Всем в усадьбе было прекрасно известно, что Бригадирша питает к
пруссакам категорическую нелюбовь - за то, что в Семилетнюю войну год
продержали в плену, предварительно изранив картечью и саблями, будущего
бригадира, а тогда поручика. Этот ее пунктик принес Устинье Павловне
определенные житейские неудобства во времена незадачливого Петра
Федоровича - но послужил наилучшим образом при следующем царствовании...
- Мир, право, перевернулся, - скорбно продолжала старушка. -
Родовитейший русский князь должен в видах политики принимать эту прусскую
глисту чуть ли не с раболепием...
- Политика, бабушка, вещь циничная, - сказала Ольга.

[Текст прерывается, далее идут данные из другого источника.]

text \<open>Coefficient form of the map \<sigma> \<mapsto> \<plusminus>(\<sigma> \<union> {y}) on simplices \<sigma> that contain x but not y.\<close>
definition cone_homotopy :: "'n::finite subspace \<Rightarrow> 'n subspace \<Rightarrow> ('n subspace \<times> 'n subspace) set
    \<Rightarrow> ('n subspace set \<Rightarrow> rat) \<Rightarrow> ('n subspace set \<Rightarrow> rat)" where
  "cone_homotopy x y r c = (\<lambda>\<tau>. if x \<in> \<tau> \<and> y \<in> \<tau> then csign r \<tau> y * c (\<tau> - {y}) else 0)"

lemma cone_homotopy_support:
  assumes "y \<in> C" "\<And>\<sigma>. c \<sigma> \<noteq> 0 \<Longrightarrow> \<sigma> \<subseteq> C" "cone_homotopy x y r c \<tau> \<noteq> 0"
  shows "\<tau> \<subseteq> C"
proof -
  have "y \<in> \<tau>" "c (\<tau> - {y}) \<noteq> 0"
    using assms(3) by (auto simp: cone_homotopy_def split: if_splits)
  then show ?thesis using assms(1,2) by blast
qed

lemma cone_homotopy_eq_0:
  assumes "x \<noteq> y" "\<And>\<sigma>. x \<in> \<sigma> \<Longrightarrow> c \<sigma> = 0"
  shows "cone_homotopy x y r c = (\<lambda>_. 0)"
proof
  fix \<tau>
  have "x \<in> \<tau> \<Longrightarrow> x \<in> \<tau> - {y}" using assms(1) by blast
  then show "cone_homotopy x y r c \<tau> = 0" using assms(2) by (simp add: cone_homotopy_def)
qed

lemma cone_homotopy_zero [simp]: "cone_homotopy x y r (\<lambda>_. 0) = (\<lambda>_. 0)"
  by (simp add: cone_homotopy_def fun_eq_iff)

lemma cochain_cone_homotopy:
  assumes "finite C" "y \<in> C" "x \<subset> y" "cochain W C k c"
  shows "cochain W C (k - 1) (cone_homotopy x y r c)"
  unfolding cochain_def
proof (intro allI impI)
  fix \<tau> assume "cone_homotopy x y r c \<tau> \<noteq> 0"
  then have xy: "x \<in> \<tau>" "y \<in> \<tau>" and cz: "c (\<tau> - {y}) \<noteq> 0"
    by (auto simp: cone_homotopy_def split: if_splits)
  have sub: "\<tau> - {y} \<subseteq> C" and deg: "cdeg W (\<tau> - {y}) = k"
    using assms(4)[unfolded cochain_def, rule_format, OF cz] by blast+
  have "x \<in> \<tau> - {y}" using xy less_imp_neq[OF assms(3)] by blast
  then have "join W (insert y (\<tau> - {y})) = join W (\<tau> - {y})"
    using psubset_imp_subset[OF assms(3)] by (rule join_insert_absorb)
  then have "cdeg W (insert y (\<tau> - {y})) = cdeg W (\<tau> - {y}) - 1"
    using finite_subset[OF sub assms(1)] by (intro cdeg_insert) simp_all
  moreover have "insert y (\<tau> - {y}) = \<tau>" using xy by blast
  ultimately show "\<tau> \<subseteq> C \<and> cdeg W \<tau> = k - 1" using sub deg assms(2) xy by force
qed

lemma homotopy_formula_apex_notin:
  assumes "finite C" "y \<in> C" "x \<in> \<tau>" "y \<notin> \<tau>" "x \<subseteq> y"
  shows "cdiff W C r (cone_homotopy x y r c) \<tau> = c \<tau>"
proof -
  let ?term = "\<lambda>z. if join W \<tau> = join W (insert z \<tau>)
    then csign r (insert z \<tau>) z * cone_homotopy x y r c (insert z \<tau>) else 0"
  have "cdiff W C r (cone_homotopy x y r c) \<tau> = ?term y + (\<Sum>z\<in>C - \<tau> - {y}. ?term z)"
    unfolding cdiff_def using assms(1,2,4) by (simp add: sum.remove)
  also have "(\<Sum>z\<in>C - \<tau> - {y}. ?term z) = 0"
    using assms(4) by (intro sum.neutral) (auto simp: cone_homotopy_def)
  also have "?term y = csign r (insert y \<tau>) y * csign r (insert y \<tau>) y * c \<tau>"
    using join_insert_absorb[OF assms(3,5)] assms(3,4) by (simp add: cone_homotopy_def)
  finally show ?thesis by (simp add: csign_square)
qed

lemma homotopy_formula_apex_in:
  assumes fin: "finite C" and total: "total_on C r" "antisym r"
    and xy: "y \<in> C" "x \<subset> y" and \<tau>: "finite \<tau>" "x \<in> \<tau>" "y \<in> \<tau>"
  shows "cdiff W C r (cone_homotopy x y r c) \<tau> + cone_homotopy x y r (cdiff W C r c) \<tau> = c \<tau>"
proof -
  define \<sigma> where "\<sigma> = \<tau> - {y}"
  have \<sigma>: "\<tau> = insert y \<sigma>" "y \<notin> \<sigma>" "x \<in> \<sigma>" "finite \<sigma>"
    using \<tau> xy(2) by (auto simp: \<sigma>_def)
  define A where "A = C - \<tau>"
  have A: "finite A" "y \<notin> A" "C - \<sigma> = insert y A"
    using fin xy(1) by (auto simp: A_def \<sigma>)
  have J: "join W (insert y S) = join W S" if "x \<in> S" for S
    using join_insert_absorb[OF that] xy(2) by blast
  define T1 where "T1 z = (if join W \<tau> = join W (insert z \<tau>)
      then csign r (insert z \<tau>) z * (csign r (insert z \<tau>) y * c (insert z \<sigma>)) else 0)" for z
  define T2 where "T2 z = (if join W \<sigma> = join W (insert z \<sigma>)
      then csign r (insert z \<sigma>) z * c (insert z \<sigma>) else 0)" for z
  have d_h: "cdiff W C r (cone_homotopy x y r c) \<tau> = (\<Sum>z\<in>A. T1 z)"
    unfolding cdiff_def A_def
  proof (rule sum.cong[OF refl])
    fix z assume "z \<in> C - \<tau>"
    then have "insert z \<tau> - {y} = insert z \<sigma>" by (auto simp: \<sigma>)
    then show "(if join W \<tau> = join W (insert z \<tau>)
        then csign r (insert z \<tau>) z * cone_homotopy x y r c (insert z \<tau>) else 0) = T1 z"
      using \<tau> by (simp add: cone_homotopy_def T1_def)
  qed
  have h_d: "cone_homotopy x y r (cdiff W C r c) \<tau> = csign r \<tau> y * (csign r \<tau> y * c \<tau> + (\<Sum>z\<in>A. T2 z))"
  proof -
    have "cdiff W C r c \<sigma> = T2 y + (\<Sum>z\<in>A. T2 z)"
      unfolding cdiff_def A(3) T2_def using A(1,2) by simp
    also have "T2 y = csign r \<tau> y * c \<tau>" using J[OF \<sigma>(3)] by (simp add: T2_def \<sigma>(1))
    finally show ?thesis using \<tau> by (simp add: cone_homotopy_def \<sigma>_def)
  qed
  have cancel: "T1 z + csign r \<tau> y * T2 z = 0" if "z \<in> A" for z
  proof -
    have z: "z \<notin> \<sigma>" "z \<noteq> y" "z \<in> C" using that by (auto simp: A_def \<sigma>)
    have "join W (insert z \<tau>) = join W (insert z \<sigma>)"
      using J[of "insert z \<sigma>"] \<sigma>(1,3) by (simp add: insert_commute)
    moreover have "join W \<tau> = join W \<sigma>" using J[OF \<sigma>(3)] \<sigma>(1) by simp
    ultimately show ?thesis
      using csign_insert_twice_cancel[OF \<sigma>(4) total xy(1) z(3) z(2)[symmetric] \<sigma>(2) z(1)]
      unfolding T1_def T2_def \<sigma>(1) by (simp add: algebra_simps)
  qed
  have "cdiff W C r (cone_homotopy x y r c) \<tau> + cone_homotopy x y r (cdiff W C r c) \<tau>
      = (csign r \<tau> y * csign r \<tau> y) * c \<tau> + (\<Sum>z\<in>A. T1 z + csign r \<tau> y * T2 z)"
    unfolding d_h h_d by (simp add: sum.distrib sum_distrib_left sum_distrib_right algebra_simps)
  also have "\<dots> = c \<tau>" using cancel by (simp add: csign_square)
  finally show ?thesis .
qed

lemma cone_homotopy_formula:
  assumes fin: "finite C" and total: "total_on C r" "antisym r"
    and xy: "y \<in> C" "x \<subset> y" and supp: "\<And>\<sigma>. c \<sigma> \<noteq> 0 \<Longrightarrow> \<sigma> \<subseteq> C" and "x \<in> \<tau>"
  shows "cdiff W C r (cone_homotopy x y r c) \<tau> + cone_homotopy x y r (cdiff W C r c) \<tau> = c \<tau>"
proof (cases "\<tau> \<subseteq> C")
  case True
  show ?thesis
  proof (cases "y \<in> \<tau>")
    case True
    show ?thesis
      by (rule homotopy_formula_apex_in[OF fin total xy finite_subset[OF \<open>\<tau> \<subseteq> C\<close> fin]
            \<open>x \<in> \<tau>\<close> \<open>y \<in> \<tau>\<close>])
  next
    case False
    then have "cone_homotopy x y r (cdiff W C r c) \<tau> = 0" by (simp add: cone_homotopy_def)
    with False show ?thesis
      using homotopy_formula_apex_notin[OF fin xy(1) \<open>x \<in> \<tau>\<close>] xy(2) by simp
  qed
next
  case False
  have "\<not> \<tau> - {y} \<subseteq> C" using False xy(1) by blast
  then have "cdiff W C r c (\<tau> - {y}) = 0" using cdiff_eq_0_outside[where c = c, OF supp] by simp
  moreover have "cdiff W C r (cone_homotopy x y r c) \<tau> = 0"
    by (rule cdiff_eq_0_outside[OF cone_homotopy_support[OF xy(1) supp] False])
  moreover have "c \<tau> = 0" using supp False by blast
  ultimately show ?thesis by (simp add: cone_homotopy_def)
qed

definition cone_retraction :: "'n::finite subspace \<Rightarrow> 'n subspace set \<Rightarrow> ('n subspace \<times> 'n subspace) set
    \<Rightarrow> 'n subspace \<Rightarrow> 'n subspace \<Rightarrow> ('n subspace set \<Rightarrow> rat) \<Rightarrow> ('n subspace set \<Rightarrow> rat)" where
  "cone_retraction W C r x y c = (\<lambda>\<tau>. c \<tau> - cdiff W C r (cone_homotopy x y r c) \<tau>
      - cone_homotopy x y r (cdiff W C r c) \<tau>)"

lemma cochain_cone_retraction:
  assumes fin: "finite C" and total: "total_on C r" "antisym r"
    and xy: "y \<in> C" "x \<subset> y" and c: "cochain W C k c"
  shows "cochain W (C - {x}) k (cone_retraction W C r x y c)"
  unfolding cochain_def
proof (intro allI impI)
  fix \<tau> assume nz: "cone_retraction W C r x y c \<tau> \<noteq> 0"
  have supp: "\<And>\<sigma>. c \<sigma> \<noteq> 0 \<Longrightarrow> \<sigma> \<subseteq> C" by (rule cochain_support[OF c])
  have "x \<notin> \<tau>"
  proof
    assume "x \<in> \<tau>"
    with nz show False
      using cone_homotopy_formula[where c = c and W = W, OF fin total xy supp \<open>x \<in> \<tau>\<close>]
      by (simp add: cone_retraction_def algebra_simps)
  qed
  moreover have "cochain W C k (cone_retraction W C r x y c)"
  proof -
    have "cochain W C (k - 1 + 1) (cdiff W C r (cone_homotopy x y r c))"
      by (rule cochain_cdiff[OF fin cochain_cone_homotopy[OF fin xy c]])
    moreover have "cochain W C (k + 1 - 1) (cone_homotopy x y r (cdiff W C r c))"
      by (rule cochain_cone_homotopy[OF fin xy cochain_cdiff[OF fin c]])
    ultimately show ?thesis
      using c unfolding cochain_def cone_retraction_def by force
  qed
  ultimately show "\<tau> \<subseteq> C - {x} \<and> cdeg W \<tau> = k"
    using nz unfolding cochain_def by blast
qed

lemma cdiff_cone_retraction:
  assumes fin: "finite C" and total: "total_on C r" "antisym r"
    and y: "y \<in> C" and supp: "\<And>\<sigma>. c \<sigma> \<noteq> 0 \<Longrightarrow> \<sigma> \<subseteq> C"
  shows "cdiff W C r (cone_retraction W C r x y c) = cone_retraction W C r x y (cdiff W C r c)"
proof -
  have "cdiff W C r (cdiff W C r (cone_homotopy x y r c)) = (\<lambda>_. 0)"
    using cdiff_cdiff[OF fin total] cone_homotopy_support[OF y supp] by blast
  moreover have "cdiff W C r (cdiff W C r c) = (\<lambda>_. 0)"
    by (rule cdiff_cdiff[OF fin total supp])
  ultimately show ?thesis
    unfolding cone_retraction_def cdiff_diff by simp
qed

lemma incl_quasi_iso_remove_dominated:
  assumes fin: "finite C" and total: "total_on C r" "antisym r" and xy: "y \<in> C" "x \<subset> y"
  shows "incl_quasi_iso W (C - {x}) C r"
  unfolding incl_quasi_iso_def
proof (intro conjI allI impI)
  fix k c
  assume "cochain W (C - {x}) k c \<and> cdiff W C r c = (\<lambda>_. 0)
    \<and> (\<exists>b. cochain W C (k - 1) b \<and> cdiff W C r b = c)"
  then obtain b where c: "cochain W (C - {x}) k c" and dc: "cdiff W C r c = (\<lambda>_. 0)"
    and b: "cochain W C (k - 1) b" and db: "cdiff W C r b = c"
    by blast
  have "cone_homotopy x y r c = (\<lambda>_. 0)"
    using cochain_support[OF c] xy(2) by (intro cone_homotopy_eq_0) auto
  have "cdiff W C r (cone_retraction W C r x y b) = cone_retraction W C r x y (cdiff W C r b)"
    by (rule cdiff_cone_retraction[where c = b, OF fin total xy(1) cochain_support[OF b]])
  also have "\<dots> = c"
    using db dc \<open>cone_homotopy x y r c = (\<lambda>_. 0)\<close> by (simp add: cone_retraction_def)
  finally have "cdiff W C r (cone_retraction W C r x y b) = c" .
  moreover have "cochain W (C - {x}) (k - 1) (cone_retraction W C r x y b)"
    by (rule cochain_cone_retraction[OF fin total xy b])
  ultimately show "\<exists>b. cochain W (C - {x}) (k - 1) b \<and> cdiff W C r b = c" by blast
next
  fix k c
  assume "cochain W C k c \<and> cdiff W C r c = (\<lambda>_. 0)"
  then have c: "cochain W C k c" and dc: "cdiff W C r c = (\<lambda>_. 0)" by blast+
  have "cdiff W C r (cone_retraction W C r x y c) = cone_retraction W C r x y (cdiff W C r c)"
    by (rule cdiff_cone_retraction[where c = c, OF fin total xy(1) cochain_support[OF c]])
  also have "\<dots> = (\<lambda>_. 0)"
    using dc by (simp add: cone_retraction_def)
  finally have "cdiff W C r (cone_retraction W C r x y c) = (\<lambda>_. 0)" .
  moreover have "cochain W (C - {x}) k (cone_retraction W C r x y c)"
    by (rule cochain_cone_retraction[OF fin total xy c])
  moreover have "cochain W C (k - 1) (cone_homotopy x y r c)"
    by (rule cochain_cone_homotopy[OF fin xy c])
  moreover have "c = (\<lambda>\<sigma>. cone_retraction W C r x y c \<sigma> + cdiff W C r (cone_homotopy x y r c) \<sigma>)"
    using dc by (simp add: cone_retraction_def)
  ultimately show "\<exists>c' b. cochain W (C - {x}) k c' \<and> cdiff W C r c' = (\<lambda>_. 0)
      \<and> cochain W C (k - 1) b \<and> c = (\<lambda>\<sigma>. c' \<sigma> + cdiff W C r b \<sigma>)"
    by blast
qed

- Кто ж спорит? В мою молодость политикой, бывало, до того увлекались,
что самодержцев мимоходом душили, а простых князей с графами, не говоря уж о
полковниках и прочих поручиках, шеренгами гнали кого на плаху, кого в
Сибирь... Но вот при чем тут прусский парвеню, который у себя дома слаще
трески ничего не видывал? Волдырь на ровном месте - Пруссия... Мы с ней,
изволите ли видеть, вознамерились дружить пылко... Qui a le loup pour
compagnon, porte le chien sous le hoqueton.[2] Душа моя, у тебя вид
отчего-то испуганный... - синие глаза глядели проницательно и умно. - Тебя,
часом, не этот ли шалопай напугал?
- Какой? - недоуменно спросила Ольга.
- Да вон тот корсиканский выскочка с картины, - сказала Бригадирша
самым обыкновенным тоном. - Кому же еще здесь безобразничать?
- Как это? - спросила Ольга неуверенно.
- Как, как... Идешь мимо него ночью, а он, прохвост, начинает руками
показывать невесть что, таращиться как живой, глазами вертеть... Ты,
конечно, голубушка, девица, как нынче выражаются, современная и
прогрессивная - правильно я ваши словечки выговариваю? - только такие вещи
вовсе от вашего прогресса не зависят и происходят сами по себе, хоть ты
тресни... В самом деле, никогда не видела, как он из себя живого строит?
- Может быть... - в растерянности произнесла Ольга.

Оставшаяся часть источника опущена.